Wednesday, January 6, 2010

burnt-down town

I'm gonna make it up for all of the nursery rhymes
They never really seem to want to tell the truth…


…Tell me, do you really think you go to hell for having loved?
Tell me, enough of thinking everything that you've done is good…


…Making my own way home, ain't gonna be alone
I'm going to a town
That has already been burnt down.
-Rufus Wainwright

She bit her lip with a wicked smile on her face. She’d done something many would think wicked, heathen; sinful. Where did these moral imperatives come from? It wasn’t like she walked around thinking she was a saint.
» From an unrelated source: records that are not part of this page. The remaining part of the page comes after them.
lemma hausdorff_continuous_at_spectre_if_trivial:
  fixes A :: "'a set"
  assumes A: "A \<in> Kfam" and trivial: "spectre A = {0}"
  shows "hausdorff_continuous_at spectre A"
  unfolding hausdorff_continuous_at_def
proof (intro allI impI)
  fix \<epsilon> :: real assume "\<epsilon> > 0"
  define K where "K = {a - b | a b. a \<in> A \<and> b \<in> A} - ball 0 (\<epsilon>/4)"
  have "compact {a - b | a b. a \<in> A \<and> b \<in> A}"
    using A by (simp add: Kfam_def compact_difference_set)
  then have "compact K" unfolding K_def by (rule compact_diff) simp
  moreover have "K \<inter> spectre A = {}" using trivial \<open>\<epsilon> > 0\<close> by (simp add: K_def)
  ultimately obtain \<rho> where "\<rho> > 0" and stable:
    "\<And>z B w. z \<in> K \<Longrightarrow> B \<in> Kfam \<Longrightarrow> hausdorff_dist A B < \<rho> \<Longrightarrow> dist z w < \<rho> \<Longrightarrow> w \<notin> spectre B"
    using compact_notin_spectre_stable[OF A] by blast
  define \<delta> where "\<delta> = min (\<epsilon>/8) (\<rho>/2)"
  have "\<delta> > 0" "\<delta> \<le> \<epsilon>/8" "\<delta> \<le> \<rho>/2" using \<open>\<epsilon> > 0\<close> \<open>\<rho> > 0\<close> by (simp_all add: \<delta>_def)
  have "hausdorff_dist (spectre A) (spectre B) < \<epsilon>"
    if B: "B \<in> Kfam" "hausdorff_dist A B < \<delta>" for B
  proof -
    have small: "dist 0 w \<le> \<epsilon>/2" if w: "w \<in> spectre B" for w
    proof (rule ccontr)
      assume far: "\<not> dist 0 w \<le> \<epsilon>/2"
      obtain k where k: "k \<in> {a - b | a b. a \<in> A \<and> b \<in> A}" "dist w k < 2 * \<delta>"
        using spectre_near_differences[OF A B w] by blast
      have "dist 0 w \<le> dist 0 k + dist w k" by (rule dist_triangle2)
      then have "\<epsilon>/4 \<le> dist 0 k" using k(2) far \<open>\<delta> \<le> \<epsilon>/8\<close> by linarith
      then have "k \<in> K" using k(1) by (simp add: K_def)
      moreover have "dist k w < \<rho>" "hausdorff_dist A B < \<rho>"
        using k(2) B(2) \<open>\<delta> \<le> \<rho>/2\<close> \<open>\<delta> > 0\<close> by (simp_all add: dist_commute)
      ultimately show False using stable B(1) w by blast
    qed
    have "rel_set (\<lambda>a b. dist a b \<le> \<epsilon>/2) {0} (spectre B)"
      using small \<open>\<epsilon> > 0\<close> by (auto simp: rel_set_def intro: exI[of _ 0])
    then have "hausdorff_dist {0} (spectre B) \<le> \<epsilon>/2"
      by (rule hausdorff_dist_le_rel_set) simp
    then show ?thesis using trivial \<open>\<epsilon> > 0\<close> by simp
  qed
  then show "\<exists>\<delta>>0. \<forall>B\<in>Kfam. hausdorff_dist A B < \<delta> \<longrightarrow> hausdorff_dist (spectre A) (spectre B) < \<epsilon>"
    using \<open>\<delta> > 0\<close> by blast
qed

lemma spectre_trivial_if_hausdorff_continuous_at:
  fixes A :: "'a set"
  assumes balls_infinite: "\<And>(x :: 'a) r. r > 0 \<Longrightarrow> infinite (ball x r)"
    and A: "A \<in> Kfam" and cont: "hausdorff_continuous_at spectre A"
  shows "spectre A = {0}"
proof (rule ccontr)
  assume "spectre A \<noteq> {0}"
  then obtain z where z: "z \<in> spectre A" "z \<noteq> 0" using zero_in_spectre by blast
  then have "dist z 0 > 0" by simp
  then obtain \<delta> where "\<delta> > 0"
    and \<delta>: "\<And>B. B \<in> Kfam \<Longrightarrow> hausdorff_dist A B < \<delta> \<Longrightarrow> hausdorff_dist (spectre A) (spectre B) < dist z 0"
    using cont unfolding hausdorff_continuous_at_def by blast
  obtain B where "B \<in> Kfam" "weak_sidon B" "4 \<le> card B" "hausdorff_dist A B < \<delta>"
    using weak_sidon_approximation[OF balls_infinite A \<open>\<delta> > 0\<close>] .
  then have "hausdorff_dist (spectre A) {0} < dist z 0"
    using \<delta> spectre_weak_sidon by metis
  moreover have "bounded (spectre A)"
    using A spectre_subset_differences[of A] compact_difference_set[of A]
    by (auto simp: Kfam_def intro: bounded_subset compact_imp_bounded)
  then have "dist z 0 \<le> hausdorff_dist (spectre A) {0}"
    using infdist_le_hausdorff_dist[of "spectre A" "{0}" z] z(1) by simp
  ultimately show False by simp
qed

end

theorem theorem3p10:
  fixes A :: "'a::{metric_space, ab_group_add} set"
  assumes transl_inv: "\<And>x y z :: 'a. dist x y = dist (x + z) (y + z)"
    and complete: "complete (UNIV :: 'a set)"
    and loc_compact: "locally compact (UNIV :: 'a set)"
    and balls_infinite: "\<And>(x :: 'a) r. r > 0 \<Longrightarrow> infinite (ball x r)"
    and A: "A \<in> Kfam"
  shows "(\<forall>\<epsilon>>0. \<exists>\<delta>>0. \<forall>B\<in>Kfam. hausdorff_dist A B < \<delta> \<longrightarrow>
            hausdorff_dist (spectre A) (spectre B) < \<epsilon>)
         \<longleftrightarrow> spectre A = {0}"
proof -
  interpret translation_invariant_dist
    using transl_inv by unfold_locales
  show ?thesis
    using spectre_trivial_if_hausdorff_continuous_at[OF balls_infinite A]
      hausdorff_continuous_at_spectre_if_trivial[OF A]
    unfolding hausdorff_continuous_at_def by blast
qed

end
Not believing in hell, other than it being a state of mind, a place on earth, she knew she’d get hers, she’d gotten it - lived it many times before. She didn’t presume to weave tales, skewing her actions into lovely neat stories with happy endings. She accepted that she was imperfect, that happy endings didn’t exist and that her town had burnt down many times before. She’d survived it, building on the shelled-out remains, so she knew she could do it again. She knew she wasn’t alone either; many people lived in the same town. But were they as honest? Some were. For some, it was harder to face what they really were, where they were really living. Burying themselves in nursery rhymes, fearing hell. She knew hell was her own doing, and sure as hell knew the directions to the burnt-down town. At least she knew she wasn’t alone, and wasn’t afraid to admit she’d been there many times before.